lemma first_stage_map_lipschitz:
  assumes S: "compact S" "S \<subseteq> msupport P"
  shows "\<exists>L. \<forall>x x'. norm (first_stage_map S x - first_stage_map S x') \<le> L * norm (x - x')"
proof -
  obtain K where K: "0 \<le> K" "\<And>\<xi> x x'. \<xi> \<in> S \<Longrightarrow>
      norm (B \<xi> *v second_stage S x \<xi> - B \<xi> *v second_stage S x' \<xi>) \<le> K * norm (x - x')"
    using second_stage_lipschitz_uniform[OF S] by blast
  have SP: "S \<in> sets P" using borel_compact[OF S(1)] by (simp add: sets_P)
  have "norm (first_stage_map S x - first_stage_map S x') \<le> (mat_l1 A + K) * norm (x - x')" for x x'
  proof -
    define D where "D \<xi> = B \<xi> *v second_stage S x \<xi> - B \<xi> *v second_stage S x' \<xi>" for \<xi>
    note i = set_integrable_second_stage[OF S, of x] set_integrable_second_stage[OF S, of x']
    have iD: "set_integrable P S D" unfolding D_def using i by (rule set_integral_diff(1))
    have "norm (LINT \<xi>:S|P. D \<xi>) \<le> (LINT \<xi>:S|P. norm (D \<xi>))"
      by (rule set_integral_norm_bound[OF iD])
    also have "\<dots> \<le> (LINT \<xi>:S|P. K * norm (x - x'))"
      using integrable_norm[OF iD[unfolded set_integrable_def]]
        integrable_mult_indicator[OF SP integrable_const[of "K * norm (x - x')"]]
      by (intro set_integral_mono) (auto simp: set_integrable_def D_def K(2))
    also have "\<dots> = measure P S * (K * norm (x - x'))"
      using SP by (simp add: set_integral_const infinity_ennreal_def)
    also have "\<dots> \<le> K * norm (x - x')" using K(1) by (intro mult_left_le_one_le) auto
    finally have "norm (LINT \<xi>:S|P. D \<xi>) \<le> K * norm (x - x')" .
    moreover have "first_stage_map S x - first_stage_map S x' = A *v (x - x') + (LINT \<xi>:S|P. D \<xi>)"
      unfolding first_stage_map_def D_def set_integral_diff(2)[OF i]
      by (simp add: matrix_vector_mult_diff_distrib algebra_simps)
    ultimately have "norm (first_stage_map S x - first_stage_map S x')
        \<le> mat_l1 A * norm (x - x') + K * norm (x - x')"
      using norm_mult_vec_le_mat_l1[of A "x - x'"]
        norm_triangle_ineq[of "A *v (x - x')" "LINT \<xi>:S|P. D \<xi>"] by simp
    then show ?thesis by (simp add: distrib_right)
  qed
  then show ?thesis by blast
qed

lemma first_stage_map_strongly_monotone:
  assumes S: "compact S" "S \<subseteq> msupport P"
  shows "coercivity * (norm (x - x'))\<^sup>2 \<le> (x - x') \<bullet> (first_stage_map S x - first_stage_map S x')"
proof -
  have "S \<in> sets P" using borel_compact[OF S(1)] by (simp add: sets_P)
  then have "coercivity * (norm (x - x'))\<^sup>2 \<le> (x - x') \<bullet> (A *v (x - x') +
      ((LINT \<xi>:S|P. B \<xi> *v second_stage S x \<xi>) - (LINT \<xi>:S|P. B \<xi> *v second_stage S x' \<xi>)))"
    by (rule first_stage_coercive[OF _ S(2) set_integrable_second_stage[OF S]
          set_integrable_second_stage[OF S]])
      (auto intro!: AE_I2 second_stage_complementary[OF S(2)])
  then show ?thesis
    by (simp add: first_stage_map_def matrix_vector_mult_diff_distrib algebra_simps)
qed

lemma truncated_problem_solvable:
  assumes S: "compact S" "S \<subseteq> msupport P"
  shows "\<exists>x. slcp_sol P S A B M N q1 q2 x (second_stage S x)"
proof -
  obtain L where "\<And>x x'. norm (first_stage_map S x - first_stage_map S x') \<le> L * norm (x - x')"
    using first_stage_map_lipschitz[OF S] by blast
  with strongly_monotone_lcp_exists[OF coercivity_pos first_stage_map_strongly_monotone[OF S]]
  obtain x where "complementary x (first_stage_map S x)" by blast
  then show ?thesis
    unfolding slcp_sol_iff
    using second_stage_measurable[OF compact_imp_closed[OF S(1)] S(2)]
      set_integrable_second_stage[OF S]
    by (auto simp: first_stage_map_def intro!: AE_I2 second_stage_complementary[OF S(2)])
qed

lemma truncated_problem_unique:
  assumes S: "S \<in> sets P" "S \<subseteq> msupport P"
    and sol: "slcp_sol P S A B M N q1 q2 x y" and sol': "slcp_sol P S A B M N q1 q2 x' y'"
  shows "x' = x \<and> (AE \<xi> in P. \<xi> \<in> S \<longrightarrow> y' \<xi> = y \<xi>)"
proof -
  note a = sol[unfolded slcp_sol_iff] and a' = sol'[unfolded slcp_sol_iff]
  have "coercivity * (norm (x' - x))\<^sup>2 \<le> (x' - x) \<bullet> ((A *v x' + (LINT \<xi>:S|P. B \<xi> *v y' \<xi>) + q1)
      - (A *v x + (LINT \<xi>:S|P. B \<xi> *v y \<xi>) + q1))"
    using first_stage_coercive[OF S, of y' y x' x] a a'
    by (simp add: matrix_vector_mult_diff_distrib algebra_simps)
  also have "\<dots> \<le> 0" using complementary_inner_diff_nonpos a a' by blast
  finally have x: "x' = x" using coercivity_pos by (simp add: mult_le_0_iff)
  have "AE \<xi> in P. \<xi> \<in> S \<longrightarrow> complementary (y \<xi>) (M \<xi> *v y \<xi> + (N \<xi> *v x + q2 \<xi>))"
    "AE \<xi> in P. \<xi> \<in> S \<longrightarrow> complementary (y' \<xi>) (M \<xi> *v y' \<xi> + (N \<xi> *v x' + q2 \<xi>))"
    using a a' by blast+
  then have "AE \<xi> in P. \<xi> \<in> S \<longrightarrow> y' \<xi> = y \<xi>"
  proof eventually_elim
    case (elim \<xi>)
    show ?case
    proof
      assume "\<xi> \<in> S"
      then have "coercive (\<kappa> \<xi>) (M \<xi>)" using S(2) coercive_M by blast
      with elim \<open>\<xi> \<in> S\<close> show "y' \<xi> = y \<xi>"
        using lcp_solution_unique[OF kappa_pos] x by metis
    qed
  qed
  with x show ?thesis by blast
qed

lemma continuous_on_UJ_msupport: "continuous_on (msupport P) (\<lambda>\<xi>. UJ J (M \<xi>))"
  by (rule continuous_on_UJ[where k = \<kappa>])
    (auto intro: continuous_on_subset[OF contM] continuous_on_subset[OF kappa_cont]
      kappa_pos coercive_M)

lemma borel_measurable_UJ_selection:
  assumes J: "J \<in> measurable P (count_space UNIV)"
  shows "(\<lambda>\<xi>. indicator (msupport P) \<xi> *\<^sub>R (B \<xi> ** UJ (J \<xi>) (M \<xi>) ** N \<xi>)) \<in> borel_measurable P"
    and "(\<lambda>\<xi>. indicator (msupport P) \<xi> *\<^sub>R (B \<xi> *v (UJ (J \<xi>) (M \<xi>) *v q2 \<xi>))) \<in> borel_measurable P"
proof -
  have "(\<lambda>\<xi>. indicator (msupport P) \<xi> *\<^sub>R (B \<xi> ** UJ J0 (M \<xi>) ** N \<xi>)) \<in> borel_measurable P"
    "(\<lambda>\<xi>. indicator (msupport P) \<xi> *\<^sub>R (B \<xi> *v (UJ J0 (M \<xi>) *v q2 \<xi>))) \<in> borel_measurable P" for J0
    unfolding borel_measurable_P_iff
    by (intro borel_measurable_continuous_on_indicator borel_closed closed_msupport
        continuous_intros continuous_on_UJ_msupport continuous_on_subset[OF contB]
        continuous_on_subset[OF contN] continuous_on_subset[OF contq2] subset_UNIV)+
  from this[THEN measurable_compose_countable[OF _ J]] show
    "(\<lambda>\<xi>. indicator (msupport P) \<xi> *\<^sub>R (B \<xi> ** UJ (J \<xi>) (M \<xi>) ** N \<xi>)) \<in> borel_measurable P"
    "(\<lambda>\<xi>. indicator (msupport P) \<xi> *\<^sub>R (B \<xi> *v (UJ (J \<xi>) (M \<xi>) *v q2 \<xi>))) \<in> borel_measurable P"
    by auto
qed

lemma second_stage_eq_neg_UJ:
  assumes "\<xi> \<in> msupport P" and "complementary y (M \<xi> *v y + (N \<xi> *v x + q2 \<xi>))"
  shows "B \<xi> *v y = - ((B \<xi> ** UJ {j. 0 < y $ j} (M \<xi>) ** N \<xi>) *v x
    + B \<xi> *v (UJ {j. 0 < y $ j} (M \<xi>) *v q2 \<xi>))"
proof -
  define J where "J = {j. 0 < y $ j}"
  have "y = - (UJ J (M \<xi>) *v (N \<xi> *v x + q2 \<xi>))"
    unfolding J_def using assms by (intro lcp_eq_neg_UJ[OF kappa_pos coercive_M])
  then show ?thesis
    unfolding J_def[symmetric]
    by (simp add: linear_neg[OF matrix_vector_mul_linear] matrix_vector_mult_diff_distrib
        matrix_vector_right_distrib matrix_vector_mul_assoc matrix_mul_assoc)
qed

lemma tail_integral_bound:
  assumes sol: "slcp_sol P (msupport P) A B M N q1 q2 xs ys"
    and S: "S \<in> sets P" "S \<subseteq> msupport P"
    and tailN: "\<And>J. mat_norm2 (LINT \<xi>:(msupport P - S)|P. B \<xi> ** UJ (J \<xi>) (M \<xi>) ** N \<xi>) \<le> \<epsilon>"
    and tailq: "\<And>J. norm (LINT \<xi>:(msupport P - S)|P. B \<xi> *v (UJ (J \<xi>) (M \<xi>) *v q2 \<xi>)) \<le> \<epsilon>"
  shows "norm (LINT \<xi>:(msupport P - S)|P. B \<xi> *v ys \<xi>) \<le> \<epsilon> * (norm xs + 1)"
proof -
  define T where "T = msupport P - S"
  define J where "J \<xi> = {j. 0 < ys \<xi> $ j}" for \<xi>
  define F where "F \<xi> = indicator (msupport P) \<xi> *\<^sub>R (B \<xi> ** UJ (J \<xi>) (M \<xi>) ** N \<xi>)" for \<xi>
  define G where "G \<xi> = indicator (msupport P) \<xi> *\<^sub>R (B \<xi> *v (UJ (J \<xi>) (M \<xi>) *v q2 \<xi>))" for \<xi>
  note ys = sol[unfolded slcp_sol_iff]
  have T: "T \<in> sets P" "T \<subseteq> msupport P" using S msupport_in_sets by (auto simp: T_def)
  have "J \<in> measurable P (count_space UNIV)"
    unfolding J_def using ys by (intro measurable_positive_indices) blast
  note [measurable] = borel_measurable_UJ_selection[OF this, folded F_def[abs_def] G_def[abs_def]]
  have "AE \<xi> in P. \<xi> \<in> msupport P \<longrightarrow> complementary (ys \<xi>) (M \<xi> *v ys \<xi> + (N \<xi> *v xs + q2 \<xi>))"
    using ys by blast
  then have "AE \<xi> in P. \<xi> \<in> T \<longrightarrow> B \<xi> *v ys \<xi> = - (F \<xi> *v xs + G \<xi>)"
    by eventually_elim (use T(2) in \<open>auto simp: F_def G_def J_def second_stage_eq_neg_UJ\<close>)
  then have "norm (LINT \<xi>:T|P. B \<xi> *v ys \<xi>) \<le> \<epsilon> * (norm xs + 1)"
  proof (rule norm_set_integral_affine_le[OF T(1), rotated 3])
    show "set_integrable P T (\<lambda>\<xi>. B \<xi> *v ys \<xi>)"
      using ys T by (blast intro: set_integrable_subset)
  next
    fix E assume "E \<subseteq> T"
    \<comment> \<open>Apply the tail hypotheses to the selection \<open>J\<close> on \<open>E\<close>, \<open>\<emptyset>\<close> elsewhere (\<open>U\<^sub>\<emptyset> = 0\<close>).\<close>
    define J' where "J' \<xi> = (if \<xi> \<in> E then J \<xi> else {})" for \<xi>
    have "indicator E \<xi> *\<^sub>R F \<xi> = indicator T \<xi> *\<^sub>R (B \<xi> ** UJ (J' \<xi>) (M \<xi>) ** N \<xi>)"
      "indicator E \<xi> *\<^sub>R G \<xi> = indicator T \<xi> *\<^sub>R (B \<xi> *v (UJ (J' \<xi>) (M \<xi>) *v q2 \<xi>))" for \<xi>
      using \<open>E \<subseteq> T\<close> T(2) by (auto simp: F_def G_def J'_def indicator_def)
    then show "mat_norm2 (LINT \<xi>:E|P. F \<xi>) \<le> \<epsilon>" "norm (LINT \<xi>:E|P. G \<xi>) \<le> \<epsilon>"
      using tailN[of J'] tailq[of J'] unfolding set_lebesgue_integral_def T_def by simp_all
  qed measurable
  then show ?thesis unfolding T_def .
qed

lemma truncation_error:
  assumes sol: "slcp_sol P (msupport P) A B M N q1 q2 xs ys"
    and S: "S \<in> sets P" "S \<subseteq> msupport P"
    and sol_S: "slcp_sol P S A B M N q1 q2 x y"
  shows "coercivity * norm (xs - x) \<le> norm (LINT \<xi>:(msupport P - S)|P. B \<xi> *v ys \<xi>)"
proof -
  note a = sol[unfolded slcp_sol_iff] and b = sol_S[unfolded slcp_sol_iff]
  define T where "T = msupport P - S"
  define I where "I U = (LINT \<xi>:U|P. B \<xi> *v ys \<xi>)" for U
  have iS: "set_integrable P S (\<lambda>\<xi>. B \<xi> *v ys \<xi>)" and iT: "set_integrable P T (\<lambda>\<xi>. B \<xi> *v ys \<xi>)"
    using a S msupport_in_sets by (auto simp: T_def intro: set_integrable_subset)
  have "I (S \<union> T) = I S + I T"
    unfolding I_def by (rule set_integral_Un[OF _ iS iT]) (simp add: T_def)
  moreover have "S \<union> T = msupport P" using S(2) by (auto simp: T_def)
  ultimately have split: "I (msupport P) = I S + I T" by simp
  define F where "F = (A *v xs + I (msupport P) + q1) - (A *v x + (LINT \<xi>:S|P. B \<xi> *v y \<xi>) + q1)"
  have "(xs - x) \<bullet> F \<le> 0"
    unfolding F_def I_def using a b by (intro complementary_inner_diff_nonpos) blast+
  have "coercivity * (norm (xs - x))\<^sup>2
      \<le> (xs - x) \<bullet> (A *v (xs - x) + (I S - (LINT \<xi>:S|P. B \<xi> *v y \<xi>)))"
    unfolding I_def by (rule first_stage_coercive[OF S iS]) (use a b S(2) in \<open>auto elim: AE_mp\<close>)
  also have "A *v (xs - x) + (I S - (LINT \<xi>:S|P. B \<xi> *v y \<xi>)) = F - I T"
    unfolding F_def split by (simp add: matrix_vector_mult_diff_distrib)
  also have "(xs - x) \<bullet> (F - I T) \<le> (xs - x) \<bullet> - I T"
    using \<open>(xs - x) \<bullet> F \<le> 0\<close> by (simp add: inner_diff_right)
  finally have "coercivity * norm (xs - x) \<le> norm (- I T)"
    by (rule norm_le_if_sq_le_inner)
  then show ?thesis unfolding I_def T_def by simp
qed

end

-------

▶ **Task**
Find the word "ultimately" in the listing above. Copy each line where it appears.

▶ **Expected output**
    ultimately have "norm (first_stage_map S x - first_stage_map S x')
  ultimately have split: "I (msupport P) = I S + I T" by simp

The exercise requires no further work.